Фишеру 25 января исполнилось 74 года. Свой день рождения он отметил тем, что вступил с Черчиллем в очередной спор и написал второе прошение об отставке. Он выступил против отправки старых линкоров в Дарданеллы, опасаясь значительных человеческих жертв, и настаивал на проведении операции совместно с сухопутными силами. Не без влияния Асквита его удалось переубедить. Продемонстрировав внешнюю лояльность, внутри адмирал затаил обиду. Одновременно с Фишером среди морских экспертов стало преобладать мнение о необходимости задействования сухопутных сил, как для разрушения орудий турецких фортов, так и для обеспечения безопасности коммуникаций на полуострове Галлиполи после проникновения флота в Мраморное море. 19 февраля Карден начал обстрел фортов, успех которого породил оптимистичные оценки скорейшего завершения операции. За три дня до этого на Военном совете было принято решение направить в Дарданеллы 29-ю дивизию, а также австралийские и новозеландские войска. Это решение оказалось принципиальным, поскольку из небольшой периферийной операции боевые действия в Дарданеллах постепенно начали трансформироваться в масштабную военную кампанию с участием армии и флота. Примечательным в этой перемене было то, что два ключевых министра — Черчилль и Китченер — продолжили придерживаться первоначального плана. В частности, в своих указаниях Кардену от 24 февраля Черчилль писал, что «в настоящий момент не предполагается использование сухопутных сил за исключением отдельных частей морской пехоты для разрушения конкретных орудий фортов». Военный министр также отказался направлять 29-ю дивизию. На этой почве у него возник конфликт с нашим героем. Глава Адмиралтейства, постепенно понимая и принимая изменившуюся концепцию, пришел к выводу, что использование войск без регулярных частей, к которым относилась 29-я дивизия, не позволит достичь цели и приведет к большим потерям.
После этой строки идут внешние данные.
lemma prod_renewal_increment_le:
  assumes pos: "\<forall>k\<in>{1..n}. 0 < x k" and sum: "(\<Sum>k=1..n. x k) < 1"
  shows "(\<Prod>k=1..n. 1 / (ennreal (f (renewal_increment n x k)) * ennreal (sqrt (renewal_increment n x (k + 1)))))
     \<le> (\<Prod>k=1..n. inverse (ennreal (f (x k))))
        * ennreal ((\<Prod>k=1..n. x k powr (-1/2)) * (1 - (\<Sum>k=1..n. x k)) powr (-1/2))"
proof -
  have increment_pos: "renewal_increment n x (k + 1) > 0" if "k \<in> {1..n}" for k
    using pos sum that by (auto simp: renewal_increment_def)
  have "1 / (ennreal (f (renewal_increment n x k)) * ennreal (sqrt (renewal_increment n x (k + 1))))
      = inverse (ennreal (f (x k))) * ennreal (renewal_increment n x (k + 1) powr (-1/2))"
    if k: "k \<in> {1..n}" for k
    using k increment_pos[OF k]
    by (simp add: renewal_increment_def divide_ennreal_def ennreal_inverse_mult' inverse_ennreal
                  powr_minus powr_half_sqrt)
  then have "(\<Prod>k=1..n. 1 / (ennreal (f (renewal_increment n x k)) * ennreal (sqrt (renewal_increment n x (k + 1)))))
      = (\<Prod>k=1..n. inverse (ennreal (f (x k)))) * ennreal (\<Prod>k=1..n. renewal_increment n x (k + 1) powr (-1/2))"
    by (simp add: prod.distrib prod_ennreal)
  also have "\<dots> \<le> (\<Prod>k=1..n. inverse (ennreal (f (x k))))
        * ennreal ((\<Prod>k=1..n. x k powr (-1/2)) * (1 - (\<Sum>k=1..n. x k)) powr (-1/2))"
    by (intro mult_left_mono ennreal_leI prod_renewal_increment_powr_le[OF pos sum]) simp
  finally show ?thesis .
qed

lemma mono_cdf_density:
  assumes "prob_space (density lborel f)"
  shows "mono (cdf (density lborel f))"
proof -
  interpret prob_space "density lborel f" by fact
  interpret finite_borel_measure "density lborel f" by unfold_locales simp
  show ?thesis by (rule monoI) (rule cdf_nondecreasing)
qed

lemma emeasure_density_atLeast_eq_cdf:
  fixes f :: "real \<Rightarrow> real"
  assumes [measurable]: "f \<in> borel_measurable borel" and "prob_space (density lborel f)"
  shows "emeasure (density lborel f) {d..} = ennreal (1 - cdf (density lborel f) d)"
proof -
  let ?P = "density lborel f"
  interpret prob_space ?P by fact
  have "emeasure ?P {d} = 0"
    by (subst emeasure_density) (auto simp: nn_integral_cmult_indicator)
  then have "emeasure ?P {d..} = emeasure ?P {d<..}"
    using emeasure_Un_null_set[of "{d<..}" ?P "{d}"]
    by (simp add: null_sets_def insert_absorb flip: ivl_disj_un_singleton(1))
  also have "\<dots> = emeasure ?P (space ?P - {..d})"
    by (rule arg_cong[where f = "emeasure ?P"]) auto
  also have "\<dots> = ennreal (1 - cdf ?P d)"
    using prob_space
    by (subst emeasure_compl)
       (auto simp: cdf_def emeasure_eq_measure ennreal_1[symmetric] ennreal_minus simp del: ennreal_1)
  finally show ?thesis .
qed

lemma nn_integral_renewal_term_fun_upd_le:
  fixes f :: "real \<Rightarrow> real" and C :: real
  assumes [measurable]: "f \<in> borel_measurable borel"
    and prob: "prob_space (density lborel f)" and cdf_1: "cdf (density lborel f) 1 < 1"
    and C: "C \<ge> 0"
  shows "(\<integral>\<^sup>+y. renewal_term f (cdf (density lborel f)) C n (x(Suc n := y)) \<partial>density lborel f)
      \<le> ennreal (C ^ n) * dirichlet_weight f n (-1/2) 1 x"
proof (cases "(\<forall>k\<in>{1..n}. 0 < x k) \<and> (\<Sum>k=1..n. x k) < 1")
  case False
  then have "renewal_term f F C n (x(Suc n := y)) = 0" for F y
    by (auto simp: renewal_term_def atLeastAtMostSuc_conv)
  then show ?thesis by simp
next
  case True
  let ?P = "density lborel f" and ?F = "cdf (density lborel f)"
  define d where "d = 1 - (\<Sum>k=1..n. x k)"
  have "(\<Sum>k=1..n. x k) \<ge> 0"
    using True by (intro sum_nonneg) (auto intro: less_imp_le)
  then have d: "0 < d" "d \<le> 1" using True d_def by auto
  have tail_pos: "1 - ?F d > 0"
    using cdf_1 monoD[OF mono_cdf_density[OF prob] d(2)] by simp
  define W where "W = (\<Prod>k=1..n. 1 / (ennreal (f (renewal_increment n x k))
                                         * ennreal (sqrt (renewal_increment n x (k + 1)))))"
  have sum_upd: "(\<Sum>k=1..n. (x(Suc n := y)) k) = (\<Sum>k=1..n. x k)" for y
    by (rule sum.cong) auto
  then have "renewal_increment n (x(Suc n := y)) = renewal_increment n x" for y
    by (intro ext) (simp add: renewal_increment_def)
  then have "renewal_term f ?F C n (x(Suc n := y)) = ennreal C ^ n / ennreal (1 - ?F d) * W * indicator {d..} y"
    for y
    using True d sum_upd unfolding renewal_term_def sum_atLeast1_atMost_Suc_fun_upd W_def d_def
    by (auto simp: atLeastAtMostSuc_conv indicator_def)
  then have "(\<integral>\<^sup>+y. renewal_term f ?F C n (x(Suc n := y)) \<partial>?P)
      = ennreal C ^ n / ennreal (1 - ?F d) * W * emeasure ?P {d..}"
    by (simp add: nn_integral_cmult_indicator)
  also have "\<dots> = ennreal C ^ n * W * (inverse (ennreal (1 - ?F d)) * ennreal (1 - ?F d))"
    by (simp add: emeasure_density_atLeast_eq_cdf prob divide_ennreal_def mult_ac)
  also have "\<dots> = ennreal C ^ n * W"
    using tail_pos by (simp add: inverse_ennreal ennreal_mult''[symmetric])
  also have "\<dots> \<le> ennreal C ^ n * ((\<Prod>k=1..n. inverse (ennreal (f (x k))))
      * ennreal ((\<Prod>k=1..n. x k powr (-1/2)) * (1 - (\<Sum>k=1..n. x k)) powr (-1/2)))"
    unfolding W_def using True by (intro mult_left_mono prod_renewal_increment_le) auto
  also have "\<dots> = ennreal (C ^ n) * dirichlet_weight f n (-1/2) 1 x"
    using True C by (simp add: dirichlet_weight_def ennreal_power)
  finally show ?thesis .
qed

lemma nn_integral_renewal_term_le:
  fixes f :: "real \<Rightarrow> real" and C :: real
  assumes [measurable]: "f \<in> borel_measurable borel"
    and prob: "prob_space (density lborel f)" and cdf_1: "cdf (density lborel f) 1 < 1"
    and C: "C \<ge> 0"
  shows "(\<integral>\<^sup>+x. renewal_term f (cdf (density lborel f)) C n x \<partial>(\<Pi>\<^sub>M k\<in>{1..Suc n}. density lborel f))
      \<le> ennreal (C ^ n * dirichlet_const n (-1/2))"
proof -
  let ?P = "density lborel f" and ?F = "cdf (density lborel f)"
  interpret product_sigma_finite "\<lambda>_::nat. ?P"
    by (simp add: product_sigma_finite_def prob_space_imp_sigma_finite prob)
  have [measurable]: "?F \<in> borel_measurable borel"
    using mono_cdf_density[OF prob] by (rule borel_measurable_mono)
  have sets_PiM: "sets (\<Pi>\<^sub>M k\<in>I. ?P) = sets (\<Pi>\<^sub>M k\<in>I. borel)" for I :: "nat set"
    by (rule sets_PiM_cong) auto
  have "(\<integral>\<^sup>+x. renewal_term f ?F C n x \<partial>(\<Pi>\<^sub>M k\<in>{1..Suc n}. ?P))
      = (\<integral>\<^sup>+x. (\<integral>\<^sup>+y. renewal_term f ?F C n (x(Suc n := y)) \<partial>?P) \<partial>(\<Pi>\<^sub>M k\<in>{1..n}. ?P))"
  proof -
    have "{1..Suc n} = insert (Suc n) {1..n}" by auto
    moreover have "renewal_term f ?F C n \<in> borel_measurable (\<Pi>\<^sub>M k\<in>{1..Suc n}. ?P)"
      using borel_measurable_renewal_term[of f ?F C n] by (simp add: measurable_cong_sets[OF sets_PiM])
    ultimately show ?thesis by (simp add: product_nn_integral_insert)
  qed
  also have "\<dots> \<le> (\<integral>\<^sup>+x. ennreal (C ^ n) * dirichlet_weight f n (-1/2) 1 x \<partial>(\<Pi>\<^sub>M k\<in>{1..n}. ?P))"
    by (intro nn_integral_mono nn_integral_renewal_term_fun_upd_le prob cdf_1 C) measurable
  also have "\<dots> = ennreal (C ^ n) * (\<integral>\<^sup>+x. dirichlet_weight f n (-1/2) 1 x \<partial>(\<Pi>\<^sub>M k\<in>{1..n}. ?P))"
    using borel_measurable_dirichlet_weight[of f n "-1/2" 1]
    by (intro nn_integral_cmult) (simp add: measurable_cong_sets[OF sets_PiM])
  also have "\<dots> \<le> ennreal (C ^ n) * ennreal (dirichlet_const n (-1/2))"
    using nn_integral_dirichlet_weight_le[OF _ prob, of "-1/2" n 1] by (intro mult_left_mono) auto
  also have "\<dots> = ennreal (C ^ n * dirichlet_const n (-1/2))"
    using C dirichlet_const_nonneg[of "-1/2" n] by (simp add: ennreal_mult)
  finally show ?thesis .
qed

lemma exists_first_crossing:
  fixes s :: "nat \<Rightarrow> real"
  assumes "s 0 < 1" and "\<exists>m. 1 \<le> s m"
  obtains n where "s n < 1" and "1 \<le> s (Suc n)"
proof -
  have "\<exists>n. s n < 1 \<and> 1 \<le> s (Suc n)"
  proof (rule ccontr)
    assume "\<nexists>n. s n < 1 \<and> 1 \<le> s (Suc n)"
    then have "s n < 1" for n
      using assms(1) by (induction n) (auto simp: not_le)
    then show False using assms(2) by (meson not_le)
  qed
  then show ?thesis using that by blast
qed

lemma renewal_N_Delta_eq:
  fixes \<tau> :: "nat \<Rightarrow> 'a \<Rightarrow> real"
  assumes pos: "\<And>k. k \<ge> 1 \<Longrightarrow> \<tau> k \<omega> > 0"
    and below: "(\<Sum>i=1..n. \<tau> i \<omega>) < 1" and above: "1 \<le> (\<Sum>i=1..Suc n. \<tau> i \<omega>)"
  shows "renewal_N \<tau> \<omega> = n"
    and "k \<in> {1..Suc n} \<Longrightarrow> renewal_Delta \<tau> k \<omega> = renewal_increment n (\<lambda>i. \<tau> i \<omega>) k"
proof -
  define S where "S k = (\<Sum>i=1..k. \<tau> i \<omega>)" for k
  have "S k \<le> S m" if "k \<le> m" for k m
    unfolding S_def by (rule sum_mono2) (use that pos in \<open>auto intro: less_imp_le\<close>)
  then have S_less_1: "S k < 1 \<longleftrightarrow> k \<le> n" for k
    using below above unfolding S_def[symmetric] by (metis not_less_eq_eq order.strict_trans2 not_le)
  have T: "renewal_T \<tau> k \<omega> = (if k \<le> n then S k else 1)" for k
    using S_less_1[of k] unfolding renewal_T_def S_def[symmetric] by auto
  have "{k. renewal_T \<tau> k \<omega> < 1} = {..n}"
    using S_less_1 by (auto simp: T)
  then show "renewal_N \<tau> \<omega> = n"
    unfolding renewal_N_def by (auto intro!: Max_eqI)
  assume k: "k \<in> {1..Suc n}"
  then obtain j where j: "k = Suc j" by (cases k) auto
  show "renewal_Delta \<tau> k \<omega> = renewal_increment n (\<lambda>i. \<tau> i \<omega>) k"
    using k unfolding renewal_Delta_def renewal_increment_def T j
    by (cases "j = n") (auto simp: S_def)
qed

definition renewal_functional ::
    "(real \<Rightarrow> real) \<Rightarrow> (real \<Rightarrow> real) \<Rightarrow> real \<Rightarrow> (nat \<Rightarrow> 'a \<Rightarrow> real) \<Rightarrow> 'a \<Rightarrow> ennreal" where
  "renewal_functional f F C \<tau> \<omega> =
     ennreal C ^ renewal_N \<tau> \<omega> / ennreal (1 - F (renewal_Delta \<tau> (renewal_N \<tau> \<omega> + 1) \<omega>))
     * (\<Prod>k=1..renewal_N \<tau> \<omega>. 1 / (ennreal (f (renewal_Delta \<tau> k \<omega>))
                                      * ennreal (sqrt (renewal_Delta \<tau> (k + 1) \<omega>))))"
Поэтому он стал убеждать Китченера выделить 29-ю дивизию, но до поры до времени его настоятельные просьбы разбивались вдребезги о категоричную позицию военного министра. «Мои ограниченные возможности не позволяют мне влиять на события, — жаловался Черчилль в конце февраля своему брату, который в тот момент воевал во Франции. — Я выдохся»[132].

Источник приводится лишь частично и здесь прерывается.